However, the extensive integration of the “Internet+” strategy and advanced information technologies, including mobile Internet, wireless sensing networks, Internet of Things, and cloud computing, has exerted unprecedented effects on consumer behavior and has raised new user requirements, thereby leading to new product types and intense market competition. In addition, high and new technologies promote the rapid emergence of new consumer electronic products. Intelligent production enables online production to keep abreast of offline production, subjects the traditional consumer electronics industry to the catfish effect, and intensifies the global competition in the consumer electronics industry.
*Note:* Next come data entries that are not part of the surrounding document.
lemma finite_self_map_unique_preimage:
  assumes fin: "finite S" and onto: "\<forall>l\<in>S. g l \<in> S \<and> (\<exists>m\<in>S. m \<noteq> l \<and> g m = l)" and i: "i \<in> S"
  obtains j where "j \<in> S" "j \<noteq> i" "g j = i" "\<And>l. l \<in> S \<Longrightarrow> g l = i \<Longrightarrow> l = j"
proof -
  have "g ` S = S" using onto by force
  then have inj: "inj_on g S" by (intro eq_card_imp_inj_on[OF fin]) simp
  obtain j where j: "j \<in> S" "j \<noteq> i" "g j = i" using onto i by blast
  moreover have "l = j" if "l \<in> S" "g l = i" for l
    using inj_onD[OF inj _ that(1) j(1)] that(2) j(3) by simp
  ultimately show thesis using that by blast
qed

lemma per_on_fun_matrix_le_pair_weights:
  assumes "finite S" and "\<forall>i\<in>S. \<bar>r i\<bar> \<le> 1"
  shows "\<exists>\<sigma>. involution_on \<sigma> S \<and> per_on S (fun_matrix g r) \<le> (\<Prod>i\<in>S. pair_weight \<sigma> r i)"
  using assms
proof (induction "card S" arbitrary: S g r rule: less_induct)
  case less
  note fin = \<open>finite S\<close> and r_le = \<open>\<forall>i\<in>S. \<bar>r i\<bar> \<le> 1\<close>
  have IH: "\<exists>\<sigma>. involution_on \<sigma> (S - {i}) \<and>
      per_on (S - {i}) (fun_matrix g' r') \<le> (\<Prod>l\<in>S - {i}. pair_weight \<sigma> r' l)"
    if "i \<in> S" "\<forall>l\<in>S - {i}. \<bar>r' l\<bar> \<le> 1" for i g' r'
    using less.hyps[OF card_Diff1_less[OF fin \<open>i \<in> S\<close>]] fin that by blast
  show ?case
  proof (cases "\<exists>i\<in>S. g i = i \<or> g i \<notin> S \<or> (\<forall>l\<in>S. l \<noteq> i \<longrightarrow> g l \<noteq> i)")
    case True
    then obtain i where i: "i \<in> S"
      and removable: "g i = i \<or> g i \<notin> S \<or> (\<forall>l\<in>S. l \<noteq> i \<longrightarrow> g l \<noteq> i)" by blast
    obtain \<sigma> where \<sigma>: "involution_on \<sigma> (S - {i})"
      and bound: "per_on (S - {i}) (fun_matrix g r) \<le> (\<Prod>l\<in>S - {i}. pair_weight \<sigma> r l)"
      using IH[OF i] r_le by blast
    have "\<bar>r i\<bar> \<le> 1" using r_le i by blast
    with per_on_fun_matrix_remove_le[OF fin i removable _ bound] involution_on_fix[OF i \<sigma>]
    show ?thesis by blast
  next
    case False
    show ?thesis
    proof (cases "S = {}")
      case True
      then show ?thesis by (auto simp: involution_on_def)
    next
      case False
      then obtain i where i: "i \<in> S" by blast
      have onto: "\<forall>l\<in>S. g l \<in> S \<and> (\<exists>m\<in>S. m \<noteq> l \<and> g m = l)" and "g i \<noteq> i"
        using \<open>\<not> (\<exists>i\<in>S. _)\<close> i by blast+
      obtain j where j: "j \<in> S" "j \<noteq> i" "g j = i" and in_unique: "\<And>l. l \<in> S \<Longrightarrow> g l = i \<Longrightarrow> l = j"
        using finite_self_map_unique_preimage[OF fin onto i] by blast
      define r' where "r' = r(j := - (r i * r j))"
      have "\<forall>l\<in>S - {i}. \<bar>r' l\<bar> \<le> 1"
        using r_le i j by (auto simp: r'_def abs_mult intro: mult_le_one)
      then obtain \<sigma> where \<sigma>: "involution_on \<sigma> (S - {i})"
        and bound: "per_on (S - {i}) (fun_matrix (g(j := g i)) r') \<le> (\<Prod>l\<in>S - {i}. pair_weight \<sigma> r' l)"
        using IH[OF i] by blast
      have "\<bar>r i\<bar> \<le> 1" using r_le i by blast
      obtain \<sigma>' where "involution_on \<sigma>' S"
        and contracted: "(\<Prod>l\<in>S - {i}. pair_weight \<sigma> r' l) \<le> (\<Prod>l\<in>S. pair_weight \<sigma>' r l)"
        using involution_on_contract_step[where r = r, OF fin i j(1) j(2)[symmetric] \<open>\<bar>r i\<bar> \<le> 1\<close> \<sigma>]
        unfolding r'_def by blast
      have "per_on S (fun_matrix g r) = per_on (S - {i}) (fun_matrix (g(j := g i)) r')"
        unfolding r'_def
        by (rule per_on_fun_matrix_contract[OF fin i j(1) j(2)[symmetric] refl \<open>g i \<noteq> i\<close> j(3) in_unique])
      also note bound
      also note contracted
      finally show ?thesis using \<open>involution_on \<sigma>' S\<close> by blast
    qed
  qed
qed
Therefore, the core competitive advantage of consumer electronics enterprises and the international competitiveness of the consumer electronics industry must be enhanced.

The competition among consumer electronics enterprises revolves around supply chains. From the perspective of performance, the formation and source of supply chain competitive advantage depend on the operational efficiency and effectiveness of supply chains, the essence of which is the supply chain value creation system. The differences in supply chains and their competitiveness depend on the differences in supply chain value creation systems [3].

Traditional value creation theory contends that value is independently created by enterprises, whereas customers are the consumers of value [4, 5]. However, the theory of value cocreation fundamentally subverts the traditional value creation logic by indicating that a producer is not the sole value creator; that is, consumers can also create value [6, 7]. Consumers can create value in production and consumption [7]. However, the theory of value cocreation constantly expands toward the outer periphery of supply chains in practice. Some main value creation bodies excluded from supply chains tend to participate in supply chain value creation in different forms and exert an unexpected effect; specifically, these value creation bodies participate in open innovation [8], government policies and regulation [9, 10], and guidance of industry associations [11].

From the perspective of the supply chain structure, different value creation bodies represent the contradiction between a traditional value creation idea and the theory of value cocreation either in a broad sense or in a narrow sense. The theory of value cocreation is a redeconstruction of the original supply chain value creation body, which transforms from the original single-value creator enterprise into one in which two value creators, namely, enterprises and consumers, or multiple value creators are involved. Therefore, the changes in value creators inevitably lead to different views on the value creation method. These changes also result in the differences in supply chain value creation systems.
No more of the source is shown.